“And Periwinkle deserves nice things,” I said.
A beat of silence.
“Is Periwinkle the horse?” Thyren asked.
Thyren turned back to the road, shoulders shaking. Aeldryc’s arm tightened around my waist. The corner of his mouth did that familiar thing, trying hard not to smile and failing. He kissed the top of my head. I lifted my face to his and accepted a full, open-mouthed and delicious kiss that made me lose count of my stitches.
“You’re cute,” I said, combing my fingers through his hair.
He groaned and pressed his face into his hands.
“Not at all a shadow daddy like I thought. Much too sweet.”
“I am not sweet.” Aeldryc nipped my ear before I could start listing the ways he was sweet in front of his men.
The landscape roughened, neat farms giving way to rocky hillsides and rivers brown with spring melt. Trees leaned close over the narrow road, their canopy turning the midday light dim and green.
“Sorrend is ahead,” Aeldryc murmured, his voice close to my ear. “We’ll stop at the inn for the night.”
I stashed my crochet project and sat up straighter. The road descended into a shallow valley, crossing a stone bridge before rising into a town nestled between two hills. Everything about it was built on a larger scale: stone buildings with thick walls and heavy doors in impossibly tall frames. Through a tavern window, I saw chairs wide enough for two of me. As we passed ablacksmith’s forge, a massive troll hammered a glowing piece of metal with a force that seemed to shake the ground.
“Are trolls dangerous?” I asked, suddenly worried that Sky was not okay. “Like would one of them… eat Sky?”

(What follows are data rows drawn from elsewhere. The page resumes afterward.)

lemma complete_hom_Suc:
  "complete_hom (int m) (Suc n) x = (\<Sum>j\<le>m. x (Suc n) ^ j * complete_hom (int (m - j)) n x)"
proof -
  have "(\<Sum>j\<le>m. x (Suc n) ^ j * complete_hom (int (m - j)) n x)
      = (\<Sum>(j, e)\<in>Sigma {..m} (\<lambda>j. exponent_vectors n (m - j)).
           x (Suc n) ^ j * (\<Prod>i=1..n. x i ^ e i))"
    unfolding complete_hom_of_nat
    by (simp add: sum_distrib_left sum.Sigma finite_exponent_vectors)
  also have "\<dots> = (\<Sum>e\<in>exponent_vectors (Suc n) m. \<Prod>i=1..Suc n. x i ^ e i)"
  proof (rule sum.reindex_bij_witness[where j = "\<lambda>(j, e). e(Suc n := j)"
                                       and i = "\<lambda>e. (e (Suc n), e(Suc n := 0))"])
    fix b assume b: "b \<in> Sigma {..m} (\<lambda>j. exponent_vectors n (m - j))"
    then obtain j e where b_eq: "b = (j, e)" and j: "j \<le> m" and e: "e \<in> exponent_vectors n (m - j)"
      by blast
    have e_Suc: "e (Suc n) = 0" using e by (auto simp: exponent_vectors_def)
    have sum_upd: "(\<Sum>i=1..n. (e(Suc n := j)) i) = (\<Sum>i=1..n. e i)" by (rule sum.cong) auto
    have prod_upd: "(\<Prod>i=1..n. x i ^ (e(Suc n := j)) i) = (\<Prod>i=1..n. x i ^ e i)"
      by (rule prod.cong) auto
    show "(case b of (j, e) \<Rightarrow> e(Suc n := j)) \<in> exponent_vectors (Suc n) m"
      using j e sum_upd by (auto simp: b_eq exponent_vectors_def)
    show "(\<lambda>e. (e (Suc n), e(Suc n := 0))) (case b of (j, e) \<Rightarrow> e(Suc n := j)) = b"
      using e_Suc by (auto simp: b_eq)
    show "(\<Prod>i=1..Suc n. x i ^ (case b of (j, e) \<Rightarrow> e(Suc n := j)) i) =
          (case b of (j, e) \<Rightarrow> x (Suc n) ^ j * (\<Prod>i=1..n. x i ^ e i))"
      using prod_upd by (simp add: b_eq mult.commute)
  next
    fix e assume e: "e \<in> exponent_vectors (Suc n) m"
    have "(\<Sum>i=1..n. (e(Suc n := 0)) i) = (\<Sum>i=1..n. e i)" by (rule sum.cong) auto
    then show "(e (Suc n), e(Suc n := 0)) \<in> Sigma {..m} (\<lambda>j. exponent_vectors n (m - j))"
      using e by (auto simp: exponent_vectors_def)
  qed auto
  finally show ?thesis by (simp add: complete_hom_of_nat)
qed
(* Let $\mathcal{H}$ be a $k$-uniform hypergraph with vertex degrees $d_i$. Then \[ \rho(\mathcal{Q}(\mathcal{H}))\leq\max_{e\in E(\mathcal{H})}\max_{\{i,j\}\subseteq e}(d_{i}+d_{j}). \]
   Context: A $k$-uniform hypergraph $\mathcal{H}$ on vertex set $[n]$ has edges that are $k$-element subsets of $[n]$; $d_i$ is the number of edges containing vertex $i$. The adjacency tensor $\mathcal{A}(\mathcal{H})$ has entries $\mathcal{A}_{i_1\cdots i_k}=\frac{1}{(k-1)!}$ if $\{i_1,\dots,i_k\}\in E(\mathcal{H})$ and $0$ otherwise; $\mathcal{D}(\mathcal{H})$ is the diagonal tensor with $\mathcal{D}_{i\cdots i}=d_i$; $\mathcal{Q}(\mathcal{H})=\mathcal{D}(\mathcal{H})+\mathcal{A}(\mathcal{H})$ is the signless Laplacian tensor. For a tensor $\mathcal{T}$ and $x\in\mathbb{C}^n$, $(\mathcal{T}x)_i=\sum_{i_2,\dots,i_k}\mathcal{T}_{ii_2\cdots i_k}x_{i_2}\cdots x_{i_k}$; $\lambda$ is an eigenvalue if $\mathcal{T}x=\lambda x^{[k-1]}$ for some nonzero $x$, where $x^{[k-1]}=(x_1^{k-1},\dots,x_n^{k-1})^T$; $\rho(\mathcal{T})$ is the maximum modulus of eigenvalues. *)

theory Defs
  imports Complex_Main
begin

text \<open>Vertex set is {0..<n} (i.e. [n] relabelled). Edges are k-element subsets.\<close>

definition uniform_hypergraph :: "nat \<Rightarrow> nat \<Rightarrow> nat set set \<Rightarrow> bool" where
  "uniform_hypergraph n k E \<longleftrightarrow> (\<forall>e\<in>E. e \<subseteq> {..<n} \<and> card e = k)"

definition degree :: "nat set set \<Rightarrow> nat \<Rightarrow> nat" where
  "degree E i = card {e\<in>E. i \<in> e}"

text \<open>Order-k tensors of dimension n: functions on index lists (of length k, entries < n).\<close>

definition adj_tensor :: "nat \<Rightarrow> nat set set \<Rightarrow> nat list \<Rightarrow> real" where
  "adj_tensor k E is = (if set is \<in> E then 1 / fact (k - 1) else 0)"

definition deg_tensor :: "nat set set \<Rightarrow> nat list \<Rightarrow> real" where
  "deg_tensor E is = (if is \<noteq> [] \<and> (\<forall>j\<in>set is. j = hd is) then real (degree E (hd is)) else 0)"

definition signless_laplacian_tensor :: "nat \<Rightarrow> nat set set \<Rightarrow> nat list \<Rightarrow> real" where
  "signless_laplacian_tensor k E is = deg_tensor E is + adj_tensor k E is"

definition tensor_apply :: "nat \<Rightarrow> nat \<Rightarrow> (nat list \<Rightarrow> real) \<Rightarrow> (nat \<Rightarrow> complex) \<Rightarrow> nat \<Rightarrow> complex" where
  "tensor_apply n k T x i =
     (\<Sum>is \<in> {is. length is = k - 1 \<and> set is \<subseteq> {..<n}}.
        complex_of_real (T (i # is)) * prod_list (map x is))"

definition tensor_eigenvalue :: "nat \<Rightarrow> nat \<Rightarrow> (nat list \<Rightarrow> real) \<Rightarrow> complex \<Rightarrow> bool" where
  "tensor_eigenvalue n k T lam \<longleftrightarrow>
     (\<exists>x. (\<exists>i<n. x i \<noteq> 0) \<and> (\<forall>i<n. tensor_apply n k T x i = lam * x i ^ (k - 1)))"

definition tensor_spectral_radius :: "nat \<Rightarrow> nat \<Rightarrow> (nat list \<Rightarrow> real) \<Rightarrow> real" where
  "tensor_spectral_radius n k T = Sup {cmod lam | lam. tensor_eigenvalue n k T lam}"

end

theory Submission
  imports Defs "HOL-Combinatorics.Multiset_Permutations" "Jordan_Normal_Form.Spectral_Radius"
begin

text \<open>
  Let \<open>x\<close> be an eigenvector for \<open>\<lambda>\<close>, let \<open>p\<close> maximise \<open>|x\<^sub>p|\<close>, and let \<open>q\<close> maximise \<open>|x\<^sub>q|\<close>
  among the neighbours of \<open>p\<close>. Since \<open>Q = D + A\<close> and the row of \<open>A\<close> at a vertex \<open>i\<close> has
  total weight \<open>d\<^sub>i\<close> and only involves neighbours of \<open>i\<close>, the eigen-equations at \<open>p\<close> and \<open>q\<close>
  give \<open>|\<lambda> - d\<^sub>p| |x\<^sub>p|^(k-1) \<le> d\<^sub>p |x\<^sub>q|^(k-1)\<close> and \<open>|\<lambda> - d\<^sub>q| |x\<^sub>q|^(k-1) \<le> d\<^sub>q |x\<^sub>p|^(k-1)\<close>.
  Multiplying, \<open>|\<lambda> - d\<^sub>p| |\<lambda> - d\<^sub>q| \<le> d\<^sub>p d\<^sub>q\<close>, which forces \<open>|\<lambda>| \<le> d\<^sub>p + d\<^sub>q\<close>
  (a Brauer-type argument). The supremum is over a nonempty set: for \<open>k = 2\<close> the tensor is a
  matrix, and for \<open>k \<ge> 3\<close> every unit vector is an eigenvector of \<open>Q\<close>.
\<close>

hide_const (open) Polynomial.degree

Oeryth burst out laughing. “Trolls are mostly vegetarian, and pacifists. More likely to bore you to death with their latest literary work than eat you.”
Thyren shook his head. “Boring? Troll prose is some of the finest in the land.”
“Finest at putting you to sleep,” Oeryth muttered. Their argument faded as we rode up to the inn, where a troll woman with tree-trunk arms and an unimpressed face watched our approach.
The innkeeper took our coin and assigned us to three rooms. A boy was dispatched for our bags.
“I’m starving.” I tugged toward the common room after we’d set our things in our room.
“You ate an apple an hour ago.”
“That was an hour ago. I’ve lived a whole life since then. I’ve suffered.”
The common room was warm, loud, full. A long communal table was packed with a mix of trolls, fae, and humans, while in a corner, a group of dwarves argued with passionate gestures. A woman in travel clothes arm-wrestled a troll and lost cheerfully. Another dealt cards to a mixed table where everyone was cheating equally.
Seeing other humans in Qoksmere was still a strange thrill, but since nobody looked twice, I clearly wasn’t the only one.
Two trolls looked up.
The one on the left was enormous: dark gray, like wet slate, with a heavy brow and a wide jaw that looked like it could crack stone. His horns swept back the way a ram’s do, and his bare arms had the kind of muscle that comes from actual work, not a gym. His hands were the first thing I really registered: each one big enough to wrap around my skull.
The one on the right was leaner, though leaner was relative. He had blue-gray skin, polished horns curving upward, a thick beard braided through with copper beads. He was, objectively, handsome. He was also watching me the way you’d watch something you weren’t sure was real, his warm brown eyes open and unhurried, taking inventory.
“Evening,” the dark gray one said. His voice was deep enough to vibrate in my chest.
“Good evening,” Aeldryc said.
“I’m Brogan,” the dark gray one said, nodding to the blue-gray one. “This is Davik. My husband.”
“Nice to meet you!” I said cheerfully, shaking each of their hands. “How do you come to be at this fine establishment?”
Davik lifted his ale. “We’re merchants on the trade route from Murkholm east. This is a regular stop for us.”
“Well, I’m Pip. And this is Aeldryc.”